--- TASK DETAILS ---
Show, from the records below, all lines that contain the word "using".

Start of PROVIDED MATERIAL

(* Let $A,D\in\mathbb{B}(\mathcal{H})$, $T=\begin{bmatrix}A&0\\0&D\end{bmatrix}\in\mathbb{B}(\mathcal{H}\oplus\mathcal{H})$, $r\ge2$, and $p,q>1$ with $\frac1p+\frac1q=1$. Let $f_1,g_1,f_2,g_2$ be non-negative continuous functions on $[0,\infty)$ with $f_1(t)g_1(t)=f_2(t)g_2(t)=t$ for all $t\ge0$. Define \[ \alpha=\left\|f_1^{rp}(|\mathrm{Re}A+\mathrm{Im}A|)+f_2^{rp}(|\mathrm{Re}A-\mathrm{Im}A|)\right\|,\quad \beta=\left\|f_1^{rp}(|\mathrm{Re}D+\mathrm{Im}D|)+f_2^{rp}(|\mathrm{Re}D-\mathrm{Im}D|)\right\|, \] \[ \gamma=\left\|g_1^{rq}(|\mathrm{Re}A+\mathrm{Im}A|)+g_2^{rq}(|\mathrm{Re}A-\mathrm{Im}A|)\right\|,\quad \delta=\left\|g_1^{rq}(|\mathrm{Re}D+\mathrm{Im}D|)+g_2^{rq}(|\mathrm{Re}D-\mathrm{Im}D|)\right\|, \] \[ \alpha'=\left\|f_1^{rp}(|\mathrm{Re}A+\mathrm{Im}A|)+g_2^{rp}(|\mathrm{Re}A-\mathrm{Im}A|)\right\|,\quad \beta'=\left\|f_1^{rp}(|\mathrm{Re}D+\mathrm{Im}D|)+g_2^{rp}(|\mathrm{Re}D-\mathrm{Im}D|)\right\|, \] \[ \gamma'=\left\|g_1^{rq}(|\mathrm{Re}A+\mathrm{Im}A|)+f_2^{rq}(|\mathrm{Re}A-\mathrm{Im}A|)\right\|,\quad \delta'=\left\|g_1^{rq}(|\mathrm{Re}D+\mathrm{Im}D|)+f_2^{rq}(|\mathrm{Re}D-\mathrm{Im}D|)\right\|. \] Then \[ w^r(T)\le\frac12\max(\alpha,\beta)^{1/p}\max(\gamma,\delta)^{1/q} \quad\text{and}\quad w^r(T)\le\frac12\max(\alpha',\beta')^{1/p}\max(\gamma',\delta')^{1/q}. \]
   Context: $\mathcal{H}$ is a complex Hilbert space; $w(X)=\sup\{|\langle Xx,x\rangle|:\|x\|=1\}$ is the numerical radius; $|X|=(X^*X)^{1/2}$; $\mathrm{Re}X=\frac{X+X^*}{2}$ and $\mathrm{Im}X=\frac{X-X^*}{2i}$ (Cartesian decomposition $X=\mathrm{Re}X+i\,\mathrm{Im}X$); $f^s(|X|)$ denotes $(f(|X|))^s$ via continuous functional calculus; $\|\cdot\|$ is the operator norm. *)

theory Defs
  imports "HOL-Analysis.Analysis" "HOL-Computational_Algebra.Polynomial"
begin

End of PROVIDED MATERIAL
Start of PROVIDED MATERIAL

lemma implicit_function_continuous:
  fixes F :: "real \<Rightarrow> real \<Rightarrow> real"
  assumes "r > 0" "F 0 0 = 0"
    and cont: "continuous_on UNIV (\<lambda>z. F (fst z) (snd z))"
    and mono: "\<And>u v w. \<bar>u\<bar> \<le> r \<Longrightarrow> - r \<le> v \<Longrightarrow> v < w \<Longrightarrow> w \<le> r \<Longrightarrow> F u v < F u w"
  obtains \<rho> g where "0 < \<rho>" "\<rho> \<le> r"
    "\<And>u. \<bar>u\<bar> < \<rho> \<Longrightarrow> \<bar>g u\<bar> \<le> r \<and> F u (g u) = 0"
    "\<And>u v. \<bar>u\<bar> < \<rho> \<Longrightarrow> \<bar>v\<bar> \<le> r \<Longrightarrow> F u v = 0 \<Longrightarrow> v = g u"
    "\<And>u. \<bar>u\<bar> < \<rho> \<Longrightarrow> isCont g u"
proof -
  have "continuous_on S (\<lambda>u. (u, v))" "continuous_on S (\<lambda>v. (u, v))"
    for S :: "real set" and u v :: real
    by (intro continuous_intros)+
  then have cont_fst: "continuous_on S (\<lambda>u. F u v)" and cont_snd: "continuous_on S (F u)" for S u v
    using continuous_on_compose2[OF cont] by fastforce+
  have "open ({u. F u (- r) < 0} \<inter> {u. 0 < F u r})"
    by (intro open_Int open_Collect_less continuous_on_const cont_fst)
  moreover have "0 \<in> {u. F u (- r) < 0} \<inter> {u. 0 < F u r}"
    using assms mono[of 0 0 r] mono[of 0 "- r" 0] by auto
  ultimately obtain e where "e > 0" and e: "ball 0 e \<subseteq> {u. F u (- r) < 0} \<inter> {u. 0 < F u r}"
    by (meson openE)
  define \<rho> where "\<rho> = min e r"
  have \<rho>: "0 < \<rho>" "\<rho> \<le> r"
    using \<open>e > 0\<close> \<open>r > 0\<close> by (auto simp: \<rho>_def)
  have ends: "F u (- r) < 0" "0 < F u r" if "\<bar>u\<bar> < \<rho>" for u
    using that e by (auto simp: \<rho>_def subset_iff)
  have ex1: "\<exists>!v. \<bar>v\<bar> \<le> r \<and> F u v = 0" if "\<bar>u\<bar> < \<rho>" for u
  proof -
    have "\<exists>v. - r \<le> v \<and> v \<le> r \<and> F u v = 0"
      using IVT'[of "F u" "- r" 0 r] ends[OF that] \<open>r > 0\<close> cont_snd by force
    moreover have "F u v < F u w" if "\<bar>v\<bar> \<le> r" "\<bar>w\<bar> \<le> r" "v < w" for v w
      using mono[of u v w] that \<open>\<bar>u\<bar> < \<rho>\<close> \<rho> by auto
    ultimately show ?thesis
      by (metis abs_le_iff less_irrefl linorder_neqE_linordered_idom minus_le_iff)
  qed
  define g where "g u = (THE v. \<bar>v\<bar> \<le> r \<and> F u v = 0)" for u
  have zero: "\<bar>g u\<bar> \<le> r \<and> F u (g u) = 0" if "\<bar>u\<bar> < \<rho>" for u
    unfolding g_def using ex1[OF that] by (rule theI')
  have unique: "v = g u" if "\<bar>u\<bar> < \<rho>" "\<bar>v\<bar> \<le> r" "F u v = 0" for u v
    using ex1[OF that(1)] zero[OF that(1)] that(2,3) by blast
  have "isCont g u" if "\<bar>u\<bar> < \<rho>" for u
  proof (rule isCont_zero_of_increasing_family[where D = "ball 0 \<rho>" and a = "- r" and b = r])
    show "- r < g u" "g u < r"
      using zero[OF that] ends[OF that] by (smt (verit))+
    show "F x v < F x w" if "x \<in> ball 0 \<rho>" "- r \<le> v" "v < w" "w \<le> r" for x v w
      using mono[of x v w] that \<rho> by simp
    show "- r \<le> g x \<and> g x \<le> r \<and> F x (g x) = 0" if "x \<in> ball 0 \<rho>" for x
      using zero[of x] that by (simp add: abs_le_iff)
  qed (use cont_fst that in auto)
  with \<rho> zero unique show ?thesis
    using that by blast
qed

End of PROVIDED MATERIAL

--- FINISHED EXERCISE ---
    using continuous_on_compose2[OF cont] by fastforce+
    using assms mono[of 0 0 r] mono[of 0 "- r" 0] by auto
    using \<open>e > 0\<close> \<open>r > 0\<close> by (auto simp: \<rho>_def)
    using that e by (auto simp: \<rho>_def subset_iff)
      using IVT'[of "F u" "- r" 0 r] ends[OF that] \<open>r > 0\<close> cont_snd by force
      using mono[of u v w] that \<open>\<bar>u\<bar> < \<rho>\<close> \<rho> by auto
    unfolding g_def using ex1[OF that] by (rule theI')
    using ex1[OF that(1)] zero[OF that(1)] that(2,3) by blast
      using zero[OF that] ends[OF that] by (smt (verit))+
      using mono[of x v w] that \<rho> by simp
      using zero[of x] that by (simp add: abs_le_iff)
    using that by blast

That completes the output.